# A question for you archers out there?



## DMEII (Feb 12, 2003)

Hey Y'all,
I know some of you have to be archers, and like myself shoot bows (I shoot a longbow and a recurve) for fun, hunting and at tournements. Well, y'all remember those ethofoam animal targets such as McKenzie animal targets, that they use at "Hunting Tournements"? How many of you have thought it would be neat if they would set up an Orc or a Uruk-Hai, say by Mckenzie, at one of those tournements? Do you reckon that if they offered it for sale on the market it would sell? I personally think it would be neat!! Just a thought I have had.
Dave


----------



## Niniel (Feb 12, 2003)

I think it would be cool!! But they shouldn't make them too big (not life-size), then it would be too easy (or put the target very far away or something).


----------



## Gothmog (Feb 12, 2003)

At one fun shoot at a club I used to belong to we had a large picture of the Preditor that was put up as a target. It was the best target on the course.  

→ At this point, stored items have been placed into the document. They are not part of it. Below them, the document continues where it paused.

lemma bellman_age_incr_ge_one:
  assumes "0 \<le> p" "0 \<le> lam" "lam \<le> 1" and nonneg: "\<And>k. k \<le> B \<Longrightarrow> 0 \<le> age_incr W (Suc \<Delta>) k"
  shows "1 \<le> age_incr (bellman p lam B \<omega> Cr W) \<Delta> q"
proof -
  have mix_nonneg: "0 \<le> lam * age_incr W (Suc \<Delta>) (min i B) + (1 - lam) * age_incr W (Suc \<Delta>) (min j B)"
    for i j using convex_comb_mono[OF nonneg nonneg \<open>0 \<le> lam\<close> \<open>lam \<le> 1\<close>] by simp
  have "1 \<le> min (Qfun p lam B \<omega> Cr W (Suc \<Delta>) q 0 - Qfun p lam B \<omega> Cr W \<Delta> q 0)
               (Qfun p lam B \<omega> Cr W (Suc \<Delta>) q 1 - Qfun p lam B \<omega> Cr W \<Delta> q 1)"
    unfolding Qfun_idle_age_incr Qfun_transmit_age_incr
    using mix_nonneg \<open>0 \<le> p\<close> by simp
  also have "\<dots> \<le> age_incr (bellman p lam B \<omega> Cr W) \<Delta> q"
    unfolding age_incr_def bellman_def by (rule min_diff_ge)
  finally show ?thesis .
qed

lemma bellman_age_incr_p_mono:
  assumes p: "0 \<le> p" "p \<le> 1" and lam: "0 \<le> lam" "lam \<le> 1"
    and d: "nonneg_p_mono B p (age_incr W (Suc \<Delta>))" and "q < B"
  shows "p * age_incr (bellman p lam B \<omega> Cr W) \<Delta> q \<le> age_incr (bellman p lam B \<omega> Cr W) \<Delta> (Suc q)"
proof -
  let ?d = "age_incr W (Suc \<Delta>)"
  let ?Q = "Qfun p lam B \<omega> Cr W"
  define M where "M = lam * ?d (Suc q) + (1 - lam) * ?d q"
  have d_le: "p * ?d i \<le> ?d k" if "i \<le> k" "k \<le> Suc i" "k \<le> B" for i k
    using nonneg_p_mono_le[OF d p that] .
  have mins: "min (Suc q) B = Suc q" "min q B = q" "min (Suc q - u q) B = Suc q - u q"
    "min (q - u q) B = q - u q" "u (Suc q) = 1"
    using \<open>q < B\<close> by (auto simp: u_def)
  have "p * M \<le> lam * ?d (min (Suc (Suc q)) B) + (1 - lam) * ?d (Suc q)"
    using convex_comb_mono[OF d_le d_le lam, of "Suc q" "min (Suc (Suc q)) B" q "Suc q"] \<open>q < B\<close>
    by (simp add: M_def algebra_simps)
  then have "1 + p * M \<le> min (?Q (Suc \<Delta>) (Suc q) 0 - ?Q \<Delta> (Suc q) 0) (?Q (Suc \<Delta>) (Suc q) 1 - ?Q \<Delta> (Suc q) 1)"
    unfolding Qfun_idle_age_incr Qfun_transmit_age_incr using mins M_def by simp
  also have "\<dots> \<le> age_incr (bellman p lam B \<omega> Cr W) \<Delta> (Suc q)"
    unfolding age_incr_def bellman_def by (rule min_diff_ge)
  finally have lower: "1 + p * M \<le> age_incr (bellman p lam B \<omega> Cr W) \<Delta> (Suc q)" .
  have "p * (lam * ?d (Suc q - u q) + (1 - lam) * ?d (q - u q)) \<le> M"
    using convex_comb_mono[OF d_le d_le lam, of "Suc q - u q" "Suc q" "q - u q" q] \<open>q < B\<close>
    by (simp add: M_def u_def algebra_simps)
  then have "max (?Q (Suc \<Delta>) q 0 - ?Q \<Delta> q 0) (?Q (Suc \<Delta>) q 1 - ?Q \<Delta> q 1) \<le> 1 + M"
    unfolding Qfun_idle_age_incr Qfun_transmit_age_incr using mins M_def by simp
  then have upper: "age_incr (bellman p lam B \<omega> Cr W) \<Delta> q \<le> 1 + M"
    unfolding age_incr_def bellman_def using min_diff_le order_trans by blast
  have "p * age_incr (bellman p lam B \<omega> Cr W) \<Delta> q \<le> p * (1 + M)"
    using upper p(1) by (rule mult_left_mono)
  also have "\<dots> \<le> 1 + p * M"
    using p(2) by (simp add: algebra_simps)
  finally show ?thesis using lower by linarith
qed

lemma VI_age_incr_nonneg_p_mono:
  assumes "0 \<le> p" "p \<le> 1" "0 \<le> lam" "lam \<le> 1"
  shows "nonneg_p_mono B p (age_incr (VI p lam B \<omega> Cr k) \<Delta>)"
proof (induction k arbitrary: \<Delta>)
  case 0
  then show ?case by (simp add: nonneg_p_mono_def age_incr_def)
next
  case (Suc k)
  have "1 \<le> age_incr (bellman p lam B \<omega> Cr (VI p lam B \<omega> Cr k)) \<Delta> q" for q
    using bellman_age_incr_ge_one assms Suc.IH by (auto simp: nonneg_p_mono_def)
  moreover have "p * age_incr (bellman p lam B \<omega> Cr (VI p lam B \<omega> Cr k)) \<Delta> q
      \<le> age_incr (bellman p lam B \<omega> Cr (VI p lam B \<omega> Cr k)) \<Delta> (Suc q)" if "q < B" for q
    using bellman_age_incr_p_mono[OF assms Suc.IH that] .
  ultimately show ?case
    unfolding VI_Suc_eq_bellman nonneg_p_mono_def by (auto intro: order_trans[OF zero_le_one])
qed

lemma VI_age_incr_ge_one:
  assumes "0 \<le> p" "p \<le> 1" "0 \<le> lam" "lam \<le> 1"
  shows "1 \<le> age_incr (VI p lam B \<omega> Cr (Suc k)) \<Delta> q"
  unfolding VI_Suc_eq_bellman using assms VI_age_incr_nonneg_p_mono[OF assms]
  by (intro bellman_age_incr_ge_one) (auto simp: nonneg_p_mono_def)

lemma value_function_age_incr_limit:
  assumes "value_function p lam B \<omega> Cr V" "1 \<le> \<Delta>" "q \<le> B"
  shows "(\<lambda>k. age_incr (VI p lam B \<omega> Cr k) \<Delta> q) \<longlonglongrightarrow> age_incr V \<Delta> q"
proof -
  obtain c where c: "\<And>\<Delta> q. valid_state B \<Delta> q \<Longrightarrow> (\<lambda>k. VI p lam B \<omega> Cr k \<Delta> q - c k) \<longlonglongrightarrow> V \<Delta> q"
    using assms(1) unfolding value_function_def by blast
  have "(\<lambda>k. (VI p lam B \<omega> Cr k (Suc \<Delta>) q - c k) - (VI p lam B \<omega> Cr k \<Delta> q - c k))
          \<longlonglongrightarrow> V (Suc \<Delta>) q - V \<Delta> q"
    using assms(2,3) by (intro tendsto_diff c) (auto simp: valid_state_def)
  then show ?thesis by (simp add: age_incr_def)
qed

theorem lemma2:
  fixes p lam \<omega> Cr :: real and B :: nat and V :: "nat \<Rightarrow> nat \<Rightarrow> real"
  assumes "0 < p" "p < 1" "0 \<le> lam" "lam \<le> 1" "B > 1" "\<omega> > 0" "Cr \<ge> 0"
    and "value_function p lam B \<omega> Cr V"
  shows "(\<forall>q \<le> B. \<forall>\<Delta>1 \<Delta>2. 1 \<le> \<Delta>1 \<and> \<Delta>1 \<le> \<Delta>2 \<longrightarrow>
            V \<Delta>2 q - V \<Delta>1 q \<ge> real \<Delta>2 - real \<Delta>1)
       \<and> (\<forall>q < B. \<forall>\<Delta> \<ge> 1.
            V (\<Delta> + 1) (q + 1) - V \<Delta> (q + 1) \<ge> p * (V (\<Delta> + 1) q - V \<Delta> q))"
proof -
  have pl: "0 \<le> p" "p \<le> 1" "0 \<le> lam" "lam \<le> 1" using assms by auto
  note lim = value_function_age_incr_limit[OF assms(8)]
  have incr_ge_one: "1 \<le> age_incr V \<Delta> q" if "1 \<le> \<Delta>" "q \<le> B" for \<Delta> q
    using LIMSEQ_le_const[OF lim[OF that], of 1] VI_age_incr_ge_one[OF pl]
    by (metis Suc_le_D)
  have "p * age_incr V \<Delta> q \<le> age_incr V \<Delta> (Suc q)" if "1 \<le> \<Delta>" "q < B" for \<Delta> q
    using that VI_age_incr_nonneg_p_mono[OF pl]
    by (intro LIMSEQ_le[OF tendsto_mult[OF tendsto_const lim] lim]) (auto simp: nonneg_p_mono_def)
  moreover have "real \<Delta>2 - real \<Delta>1 \<le> V \<Delta>2 q - V \<Delta>1 q" if "1 \<le> \<Delta>1" "\<Delta>1 \<le> \<Delta>2" "q \<le> B" for q \<Delta>1 \<Delta>2
    using \<open>\<Delta>1 \<le> \<Delta>2\<close>
  proof (induction rule: dec_induct)
    case (step n)
    then show ?case using incr_ge_one[of n q] that by (simp add: age_incr_def)
  qed simp
  ultimately show ?thesis by (auto simp: age_incr_def)
qed

end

So I think that orcs would make great targets.


----------



## Lantarion (Feb 13, 2003)

I've been shooting a recurve for over a year now, but I recently acquired a longbow from my grandfather; I won't be able to shoot it until the weather becomes a bit warmer though. 
Ha, an Uruk-hai target.. My Tolkienistic side says "Yeah! Down with the Glamhoth!", but my more humanistic side says "What did he ever do to you, you savage archer you!"


----------



## DMEII (Feb 13, 2003)

*Uruk Hai:*

Hey Lanteran,
And if anyone ever asks or asked me what did the poor ole Orc or Uruk Hai ever do to me, I will say, "He and his kind are the mortal enemy of mankind, and their goal in life is to wipe us out! So death to all Orcs and Uruk Hai!!!! There is an arrow for each of them!! Ha!
Dave


----------



## ElvishHellion (Feb 22, 2003)

I just started but that would be kewl


----------



## Lasgalen (Feb 23, 2003)

I haven't shot in a while, but I remember those things (I really hated the turkeys-for me they were the hardest). I don't think there would be much of a market, but it would definitely make a really cool target. I would get off my butt and start practicing again if I had Orcs or Uruk-Hai to shoot at. 

-Lasgalen


----------



## Frodorocks (Feb 28, 2003)

That would be so awesome! But I wouldn't be able to hit it, I'm a terrible archer.


----------



## chrysophalax (Mar 1, 2003)

I think that's a very cool idea! I too would drag out my trusty recurve and "Go hunt some Orc!"


----------



## Lantarion (Mar 4, 2003)

What a shameless quote from the movie; shame on you! 
DMEII, I think you set a world record:. nobody has ever mispelled my name as badly as you did!


----------



## Elendil3119 (Mar 4, 2003)

I don't currently have a bow that fits me very well, but if I was in the market for a new target, I'd definitely choose an orc over something else! I wonder if they'd make a cave troll for those of us that can't hit the broad side of a barn...


----------



## JPMaximilian (Dec 1, 2004)

I prefer to hunt real Uruk-hai.


----------